(Supplied material)

(* Let $V$ be a finite set and let $A$ be a real symmetric matrix indexed by $V$. Consider the statements: (i) $A$ has a perfect elimination ordering; (ii) $A$ has no weighted chordless cycle; (iii) every level graph of $A$ is chordal. Then (i) implies (ii), and (ii) implies (iii).
   Context: A perfect elimination ordering of $A$ is a linear order $\pi$ of $V$ with $A_{yz}\ge\min\{A_{xy},A_{xz}\}$ for all $x<_\pi y<_\pi z$. A walk $W=(v_0,\dots,v_p)$ of elements of $V$ is weighted chordless in $A$ if $A_{v_{i-1}v_{i+1}}<\min\{A_{v_{i-1}v_i},A_{v_{i+1}v_i}\}$ for $1\le i\le p-1$; it is a weighted chordless cycle if in addition $v_0=v_p$, the elements $v_0,\dots,v_{p-1}$ are distinct, and $A_{v_{p-1}v_1}<\min\{A_{v_{p-1}v_0},A_{v_0v_1}\}$. If $\alpha_0<\dots<\alpha_L$ are the distinct values of the entries of $A$, the level graph $G_\ell$ is the graph on $V$ with edges the pairs $\{x,y\}$ with $A_{xy}\ge\alpha_\ell$. A graph is chordal if it contains no chordless (induced) cycle of length at least 4. *)

theory Defs
  imports Complex_Main
begin

text \<open>A matrix indexed by V is a function A :: 'a => 'a => real, considered on V x V.
A linear order of V is represented by a list ps with distinct ps and set ps = V;
x <_pi y iff x occurs at a smaller position than y.\<close>

definition symmetric_matrix_on :: "'a set \<Rightarrow> ('a \<Rightarrow> 'a \<Rightarrow> real) \<Rightarrow> bool" where
  "symmetric_matrix_on V A \<longleftrightarrow> (\<forall>x\<in>V. \<forall>y\<in>V. A x y = A y x)"

definition is_peo :: "'a set \<Rightarrow> ('a \<Rightarrow> 'a \<Rightarrow> real) \<Rightarrow> 'a list \<Rightarrow> bool" where
  "is_peo V A ps \<longleftrightarrow> distinct ps \<and> set ps = V \<and>
     (\<forall>i j k. i < j \<and> j < k \<and> k < length ps \<longrightarrow>
        A (ps ! j) (ps ! k) \<ge> min (A (ps ! i) (ps ! j)) (A (ps ! i) (ps ! k)))"

definition has_peo :: "'a set \<Rightarrow> ('a \<Rightarrow> 'a \<Rightarrow> real) \<Rightarrow> bool" where
  "has_peo V A \<longleftrightarrow> (\<exists>ps. is_peo V A ps)"

text \<open>A walk (v_0,...,v_p) is the list ws with length ws = p + 1.\<close>

definition weighted_chordless_walk :: "'a set \<Rightarrow> ('a \<Rightarrow> 'a \<Rightarrow> real) \<Rightarrow> 'a list \<Rightarrow> bool" where
  "weighted_chordless_walk V A ws \<longleftrightarrow> ws \<noteq> [] \<and> set ws \<subseteq> V \<and>
     (\<forall>i. 1 \<le> i \<and> i + 1 < length ws \<longrightarrow>
        A (ws ! (i - 1)) (ws ! (i + 1)) < min (A (ws ! (i - 1)) (ws ! i)) (A (ws ! (i + 1)) (ws ! i)))"

definition weighted_chordless_cycle :: "'a set \<Rightarrow> ('a \<Rightarrow> 'a \<Rightarrow> real) \<Rightarrow> 'a list \<Rightarrow> bool" where
  "weighted_chordless_cycle V A ws \<longleftrightarrow>
     (let p = length ws - 1 in
        p \<ge> 3 \<and> length ws = p + 1 \<and> weighted_chordless_walk V A ws \<and>
        ws ! 0 = ws ! p \<and> distinct (take p ws) \<and>
        A (ws ! (p - 1)) (ws ! 1) < min (A (ws ! (p - 1)) (ws ! 0)) (A (ws ! 0) (ws ! 1)))"

definition has_weighted_chordless_cycle :: "'a set \<Rightarrow> ('a \<Rightarrow> 'a \<Rightarrow> real) \<Rightarrow> bool" where
  "has_weighted_chordless_cycle V A \<longleftrightarrow> (\<exists>ws. weighted_chordless_cycle V A ws)"

definition level_graph :: "('a \<Rightarrow> 'a \<Rightarrow> real) \<Rightarrow> real \<Rightarrow> 'a \<Rightarrow> 'a \<Rightarrow> bool" where
  "level_graph A \<alpha> x y \<longleftrightarrow> x \<noteq> y \<and> A x y \<ge> \<alpha>"

definition chordless_cycle :: "'a set \<Rightarrow> ('a \<Rightarrow> 'a \<Rightarrow> bool) \<Rightarrow> 'a list \<Rightarrow> bool" where
  "chordless_cycle V E cs \<longleftrightarrow> (let k = length cs in
     distinct cs \<and> set cs \<subseteq> V \<and>
     (\<forall>i<k. E (cs ! i) (cs ! ((i + 1) mod k))) \<and>
     (\<forall>i<k. \<forall>j<k. i \<noteq> j \<and> j \<noteq> (i + 1) mod k \<and> i \<noteq> (j + 1) mod k \<longrightarrow>
        \<not> E (cs ! i) (cs ! j)))"

definition chordal :: "'a set \<Rightarrow> ('a \<Rightarrow> 'a \<Rightarrow> bool) \<Rightarrow> bool" where
  "chordal V E \<longleftrightarrow> \<not> (\<exists>cs. length cs \<ge> 4 \<and> chordless_cycle V E cs)"

end

theory Submission
  imports Defs
begin

text \<open>The vertex of a weighted chordless cycle that comes first in a perfect elimination
  ordering has both of its cycle neighbours later, so the ordering bounds the entry between
  the neighbours from below by the smaller of their entries with that vertex, which is exactly
  what chordlessness forbids. Conversely, an induced cycle of length at least 4 in the level
  graph at threshold \<open>\<alpha>\<close> is a weighted chordless cycle: its edges have entries \<open>\<ge> \<alpha>\<close> while
  the pair of vertices two steps apart is a non-edge, with entry \<open>< \<alpha>\<close>.\<close>

lemma is_peo_first_vertex:
  assumes peo: "is_peo V A ps" and sym: "symmetric_matrix_on V A"
    and "S \<subseteq> V" and "S \<noteq> {}"
  obtains x where "x \<in> S"
    and "\<And>y z. y \<in> S \<Longrightarrow> z \<in> S \<Longrightarrow> y \<noteq> x \<Longrightarrow> z \<noteq> x \<Longrightarrow> y \<noteq> z \<Longrightarrow>
           min (A x y) (A x z) \<le> A y z"
proof -
  have set_ps: "set ps = V" and peo_ineq: "\<And>i j k. i < j \<Longrightarrow> j < k \<Longrightarrow> k < length ps \<Longrightarrow>
      min (A (ps ! i) (ps ! j)) (A (ps ! i) (ps ! k)) \<le> A (ps ! j) (ps ! k)"
    using peo unfolding is_peo_def by auto
  have "\<exists>n. n < length ps \<and> ps ! n \<in> S"
    using \<open>S \<subseteq> V\<close> \<open>S \<noteq> {}\<close> set_ps by (force simp: in_set_conv_nth)
  define n where "n = (LEAST n. n < length ps \<and> ps ! n \<in> S)"
  have n: "n < length ps" "ps ! n \<in> S"
    using LeastI_ex[OF \<open>\<exists>n. _\<close>] unfolding n_def by auto
  have later: "n < j" if "j < length ps" "ps ! j \<in> S" "ps ! j \<noteq> ps ! n" for j
    using that Least_le[of "\<lambda>n. n < length ps \<and> ps ! n \<in> S" j] unfolding n_def
    by (metis le_neq_implies_less)
  show thesis
  proof (rule that[OF n(2)])
    fix y z assume "y \<in> S" "z \<in> S" "y \<noteq> ps ! n" "z \<noteq> ps ! n" "y \<noteq> z"
    then obtain j k where jk: "j < length ps" "k < length ps" "ps ! j = y" "ps ! k = z"
      using \<open>S \<subseteq> V\<close> set_ps by (metis in_set_conv_nth subsetD)
    have "n < j" "n < k" using later jk \<open>y \<in> S\<close> \<open>z \<in> S\<close> \<open>y \<noteq> ps ! n\<close> \<open>z \<noteq> ps ! n\<close> by auto
    have "A y z = A z y" using \<open>y \<in> S\<close> \<open>z \<in> S\<close> \<open>S \<subseteq> V\<close> sym
      unfolding symmetric_matrix_on_def by blast
    moreover have "j \<noteq> k" using jk \<open>y \<noteq> z\<close> by auto
    ultimately show "min (A (ps ! n) y) (A (ps ! n) z) \<le> A y z"
      using peo_ineq[of n j k] peo_ineq[of n k j] \<open>n < j\<close> \<open>n < k\<close> jk
      by (cases "j < k") (auto simp: min.commute)
  qed
qed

(End Supplied material)

## What the exercise asks
All that belongs in your answer is the stretch of entries above from the line with "ps = V \<and>" through the line with "A \<longleftrightarrow> (\<exists>ps.", printed exactly.

## Output of the task
  "is_peo V A ps \<longleftrightarrow> distinct ps \<and> set ps = V \<and>
     (\<forall>i j k. i < j \<and> j < k \<and> k < length ps \<longrightarrow>
        A (ps ! j) (ps ! k) \<ge> min (A (ps ! i) (ps ! j)) (A (ps ! i) (ps ! k)))"

definition has_peo :: "'a set \<Rightarrow> ('a \<Rightarrow> 'a \<Rightarrow> real) \<Rightarrow> bool" where
  "has_peo V A \<longleftrightarrow> (\<exists>ps. is_peo V A ps)"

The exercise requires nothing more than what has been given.